Payung Cafe centrepiece

…so very much, much more than the ones we make ourselves at home. I guess this place needs no introduction now and despite being hard pressed for time, shuttling between my parents’ house and our own and the medical centre and trying to cope with every little thing in between, I made it a point to take her there for that (RM8.00)…

Payung Cafe mashed potatoes

I guess nothing pleases a father more than seeing his child enjoying something that is made available to him or her.

I noticed that they had mushroom soup (RM5.00)…

Payung Cafe mushroom soup

…on their menu and I ordered that to try. Yes, it was so very nice and no, you will not catch us eating those in the cans and packets ever again after this. We did check the ingredients to make sure it was gluten free and indeed, it was – just mushrooms, potatoes and milk, the boss said – no flour was used in the making.

We got one huge bowl of the soup but of course, that was specially for us. I understand that the usual serving would not be so big. We enjoyed it a lot, thick and rich and nice and we imagined adding prawns and squid (sotong), clams (lala) perhaps or mussels and we would have one very delightful bowl of seafood chowder.

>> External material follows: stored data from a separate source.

lemma borel_measurable_test_fun: "test_fun \<in> borel_measurable borel"
proof -
  have "(\<lambda>z. indicator (\<Omega>T i) z * tent (l i) (r i) (fst (inv (g i) z))) \<in> borel_measurable borel"
    if "i \<in> F" for i
  proof (intro borel_measurable_times borel_measurable_indicator)
    show "\<Omega>T i \<in> sets borel"
      using essential[OF that] open_domain by (rule essential_tube_component_borel)
    show "(\<lambda>z. tent (l i) (r i) (fst (inv (g i) z))) \<in> borel_measurable borel"
      using borel_measurable_fst_inv_euclid_transf[OF essential_tubeD(1)[OF essential[OF that]]]
        borel_measurable_continuous_onI[OF continuous_on_tent] by (rule measurable_compose)
  qed
  then show ?thesis
    unfolding test_fun_def by (rule borel_measurable_sum)
qed

lemma set_integrable_test_fun:
  assumes "A \<in> sets lebesgue" "emeasure lebesgue A < \<infinity>"
  shows "set_integrable lebesgue A test_fun"
proof (rule set_integrable_bound)
  show "set_integrable lebesgue A (\<lambda>_. \<Sum>i\<in>F. l i / r i)"
    unfolding set_integrable_def using integrable_real_indicator[OF assms] by simp
  show "set_borel_measurable lebesgue A test_fun"
    unfolding set_borel_measurable_def using assms(1) borel_measurable_test_fun
    by (intro borel_measurable_scaleR borel_measurable_indicator) (auto simp: measurable_completion)
  show "AE x in lebesgue. x \<in> A \<longrightarrow> norm (test_fun x) \<le> norm (\<Sum>i\<in>F. l i / r i)"
    using test_fun_nonneg_le by (intro AE_I2) (metis abs_of_nonneg order_trans real_norm_def)
qed

lemma loc_integrable_test_fun: "loc_integrable \<Omega> test_fun"
  unfolding loc_integrable_def
proof (intro allI impI)
  fix K :: "(real \<times> (real^'m)) set"
  assume "compact K \<and> K \<subseteq> \<Omega>"
  then have "K \<in> sets borel" "emeasure lborel K < \<infinity>"
    using borel_compact emeasure_compact_finite by auto
  then show "set_integrable lebesgue K test_fun"
    by (intro set_integrable_test_fun) simp_all
qed

lemma test_fun_ball_range:
  assumes B: "ball p \<rho> \<subseteq> \<Omega>"
  obtains a where "\<And>z. z \<in> ball p \<rho> \<Longrightarrow> a \<le> test_fun z \<and> test_fun z \<le> a + 2"
proof (cases "\<forall>z\<in>ball p \<rho>. test_fun z \<le> 2")
  case True
  then show ?thesis
    using that[of 0] test_fun_nonneg_le(1) by auto
next
  case False
  then obtain x where x: "x \<in> ball p \<rho>" "2 < test_fun x"
    by (auto simp: not_le)
  then obtain i where i: "i \<in> F" "x \<in> \<Omega>T i"
    using test_fun_outside by fastforce
  note T = essential[OF i(1)]
  have gi: "euclid_transf (g i)"
    using essential_tubeD(1)[OF T] .
  define q where "q = inv (g i) p"
  have ball: "g i ` ball q \<rho> = ball p \<rho>"
    using gi by (simp add: q_def euclid_transf_image_ball)
  have "inv (g i) x \<in> ball q \<rho>" "g i (inv (g i) x) \<in> \<Omega>T i"
    using x(1) i(2) gi euclid_transf_dist[OF euclid_transf_inv[OF gi], of p x] by (auto simp: q_def)
  moreover have "2 < tent (l i) (r i) (fst (inv (g i) x))"
    using x(2) test_fun_component[OF i] by simp
  moreover have "g i ` ball q \<rho> \<subseteq> \<Omega>"
    using B ball by simp
  ultimately have inside: "g i ` ball q \<rho> \<subseteq> \<Omega>T i"
    and flat: "\<And>w. w \<in> ball q \<rho> \<Longrightarrow> \<bar>tent (l i) (r i) (fst w) - tent (l i) (r i) (fst q)\<bar> \<le> 1"
    using essential_tube_ball_in_component[OF T] by blast+
  show ?thesis
  proof (rule that[of "tent (l i) (r i) (fst q) - 1"])
    fix z
    assume "z \<in> ball p \<rho>"
    then obtain w where w: "w \<in> ball q \<rho>" "z = g i w"
      unfolding ball[symmetric] by blast
    have "g i w \<in> \<Omega>T i"
      using inside w(1) by blast
    then have "test_fun z = tent (l i) (r i) (fst w)"
      using test_fun_component[OF i(1)] gi by (simp add: w(2))
    then show "tent (l i) (r i) (fst q) - 1 \<le> test_fun z \<and> test_fun z \<le> tent (l i) (r i) (fst q) - 1 + 2"
      using flat[OF w(1)] by (simp add: abs_le_iff)
  qed
qed

lemma osc_avg_ball_test_fun_le:
  assumes "0 \<le> s" "0 < \<rho>" "ball p \<rho> \<subseteq> \<Omega>"
  shows "osc_avg s (ball p \<rho>) test_fun \<le> ennreal (2 powr s)"
proof -
  obtain a where "\<And>z. z \<in> ball p \<rho> \<Longrightarrow> a \<le> test_fun z \<and> test_fun z \<le> a + 2"
    using test_fun_ball_range[OF assms(3)] by blast
  moreover have "emeasure lebesgue (ball p \<rho>) < \<infinity>"
    using emeasure_bounded_finite[of "ball p \<rho>"] by simp
  ultimately show ?thesis
    using assms(1,2) by (intro osc_avg_le_of_range set_integrable_test_fun) auto
qed

lemma osc_avg_test_fun_ge:
  assumes s: "0 \<le> s"
  shows "ennreal (unit_ball_vol CARD('m) / 8 powr (s + 1) *
             (\<Sum>i\<in>F. c i * r i ^ (CARD('m) + 1) * (l i / r i) powr (s + 1)) / measure lebesgue \<Omega>)
           \<le> osc_avg s \<Omega> test_fun"
proof -
  define w where "w i = unit_ball_vol CARD('m) / 8 powr (s + 1) *
    (c i * r i ^ (CARD('m) + 1) * (l i / r i) powr (s + 1))" for i
  define m where "m = mean_val \<Omega> test_fun"
  have w_nonneg: "0 \<le> w i" if "i \<in> F" for i
    unfolding w_def by (rule mult_nonneg_nonneg[OF _ essential_tube_weight_nonneg[OF essential[OF that]]]) simp
  have comp_borel: "\<Omega>T i \<in> sets borel" if "i \<in> F" for i
    using essential[OF that] open_domain by (rule essential_tube_component_borel)
  have "test_fun \<in> borel_measurable lebesgue"
    using borel_measurable_test_fun by (simp add: measurable_completion)
  then have meas: "(\<lambda>z. ennreal (\<bar>test_fun z - m\<bar> powr s)) \<in> borel_measurable lebesgue"
    by measurable
  have "ennreal (sum w F) = (\<Sum>i\<in>F. ennreal (w i))"
    using w_nonneg by (rule sum_ennreal[symmetric])
  also have "\<dots> \<le> (\<Sum>i\<in>F. \<integral>\<^sup>+z\<in>\<Omega>T i. ennreal (\<bar>test_fun z - m\<bar> powr s) \<partial>lebesgue)"
    unfolding w_def using essential open_domain s test_fun_component
    by (intro sum_mono set_nn_integral_essential_tube_ge) auto
  also have "\<dots> \<le> (\<integral>\<^sup>+z\<in>\<Omega>. ennreal (\<bar>test_fun z - m\<bar> powr s) \<partial>lebesgue)"
    using finite_index disjoint comp_borel essential_tubeD(8)[OF essential] meas
    by (intro sum_set_nn_integral_le) auto
  finally have "ennreal (1 / measure lebesgue \<Omega>) * ennreal (sum w F) \<le> osc_avg s \<Omega> test_fun"
    unfolding osc_avg_def m_def by (rule mult_left_mono) simp
  moreover have "ennreal (sum w F / measure lebesgue \<Omega>) = ennreal (1 / measure lebesgue \<Omega>) * ennreal (sum w F)"
    by (simp add: ennreal_mult'[symmetric])
  moreover have "sum w F = unit_ball_vol CARD('m) / 8 powr (s + 1) *
      (\<Sum>i\<in>F. c i * r i ^ (CARD('m) + 1) * (l i / r i) powr (s + 1))"
    unfolding w_def by (rule sum_distrib_left[symmetric])
  ultimately show ?thesis
    by simp
qed

end

theorem mainTheorem2:
  fixes \<Omega> :: "(real \<times> (real^'m)) set" and s :: real and I :: "'i set"
    and g :: "'i \<Rightarrow> real \<times> (real^'m) \<Rightarrow> real \<times> (real^'m)"
    and l r c :: "'i \<Rightarrow> real" and \<Omega>T :: "'i \<Rightarrow> (real \<times> (real^'m)) set"
  assumes "open \<Omega>" and "connected \<Omega>" and "\<Omega> \<noteq> {}" and "bounded \<Omega>"
    and "1 \<le> s"
    and "\<forall>i\<in>I. essential_tube \<Omega> (g i) (l i) (r i) (c i) (\<Omega>T i)"
    and "\<forall>i\<in>I. \<forall>j\<in>I. i \<noteq> j \<longrightarrow> \<Omega>T i \<inter> \<Omega>T j = {}"
    and "(\<Sum>\<^sub>\<infinity>i\<in>I. ennreal (c i * r i ^ (CARD('m) + 1) * (l i / r i) powr (s + 1))) = \<infinity>"
  shows "\<not> Ls_averaging s \<Omega>"
proof
  assume "Ls_averaging s \<Omega>"
  have s: "0 < s"
    using assms(5) by simp
  obtain K where "0 \<le> K" and K: "\<And>u. loc_integrable \<Omega> u \<Longrightarrow>
      (\<And>x \<rho>. 0 < \<rho> \<Longrightarrow> ball x \<rho> \<subseteq> \<Omega> \<Longrightarrow> osc_avg s (ball x \<rho>) u \<le> ennreal (2 powr s)) \<Longrightarrow>
      osc_avg s \<Omega> u \<le> ennreal K"
    using Ls_averaging_osc_avg_bounded[OF \<open>Ls_averaging s \<Omega>\<close> s powr_ge_zero] by blast
  define \<kappa> where "\<kappa> = unit_ball_vol CARD('m) / 8 powr (s + 1)"
  define E where "E i = c i * r i ^ (CARD('m) + 1) * (l i / r i) powr (s + 1)" for i
  have "\<Omega> \<in> lmeasurable"
    using assms(1,4) by (simp add: bounded_set_imp_lmeasurable)
  with assms(1,3) have \<Omega>: "0 < measure lebesgue \<Omega>"
    by (rule measure_lebesgue_pos_open)
  have "0 \<le> E i" if "i \<in> I" for i
    unfolding E_def by (rule essential_tube_weight_nonneg) (use assms(6) that in blast)
  then obtain F where F: "finite F" "F \<subseteq> I" and big: "K * measure lebesgue \<Omega> / \<kappa> < sum E F"
    using infsum_ennreal_eq_top_imp_sum_gt[of E I] assms(8) unfolding E_def by blast
  interpret essential_tube_family \<Omega> F g l r c \<Omega>T
    using assms(1,6,7) F by unfold_locales (auto simp: disjoint_family_on_def)
  have "ennreal (\<kappa> * sum E F / measure lebesgue \<Omega>) \<le> osc_avg s \<Omega> test_fun"
    using osc_avg_test_fun_ge s by (simp add: \<kappa>_def E_def)
  also have "\<dots> \<le> ennreal K"
    using s by (intro K loc_integrable_test_fun osc_avg_ball_test_fun_le) auto
  finally have "\<kappa> * sum E F / measure lebesgue \<Omega> \<le> K"
    using \<open>0 \<le> K\<close> by simp
  moreover have "0 < \<kappa>"
    by (simp add: \<kappa>_def)
  ultimately show False
    using big \<Omega> by (simp add: field_simps)
qed

end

Other than our usual pomelo salad (RM8.00)…

Payung Cafe pomelo salad

…I also wanted to try their sour chicken (RM16.00, with rice)…

Payung Cafe sour chicken

…which is their variation of the Cantonese sour duck. No, it was not the same as the sour duck that I had before – it had all those herbs and other ingredients so as to make it a cut above the rest. I wanted to try it as I saw an article in a Chinese newspaper sometime ago – they interviewed Peter, the boss and this dish was the main feature in that publication. Personally, I would go for our favourites here, the spicier and stronger tasting delights that they serve, but I thought this would be all right sometimes for a change, a good option for anyone who is not into anything hot and spicy.

After that quick lunch, we had to rush off quickly to…where else but the medical centre.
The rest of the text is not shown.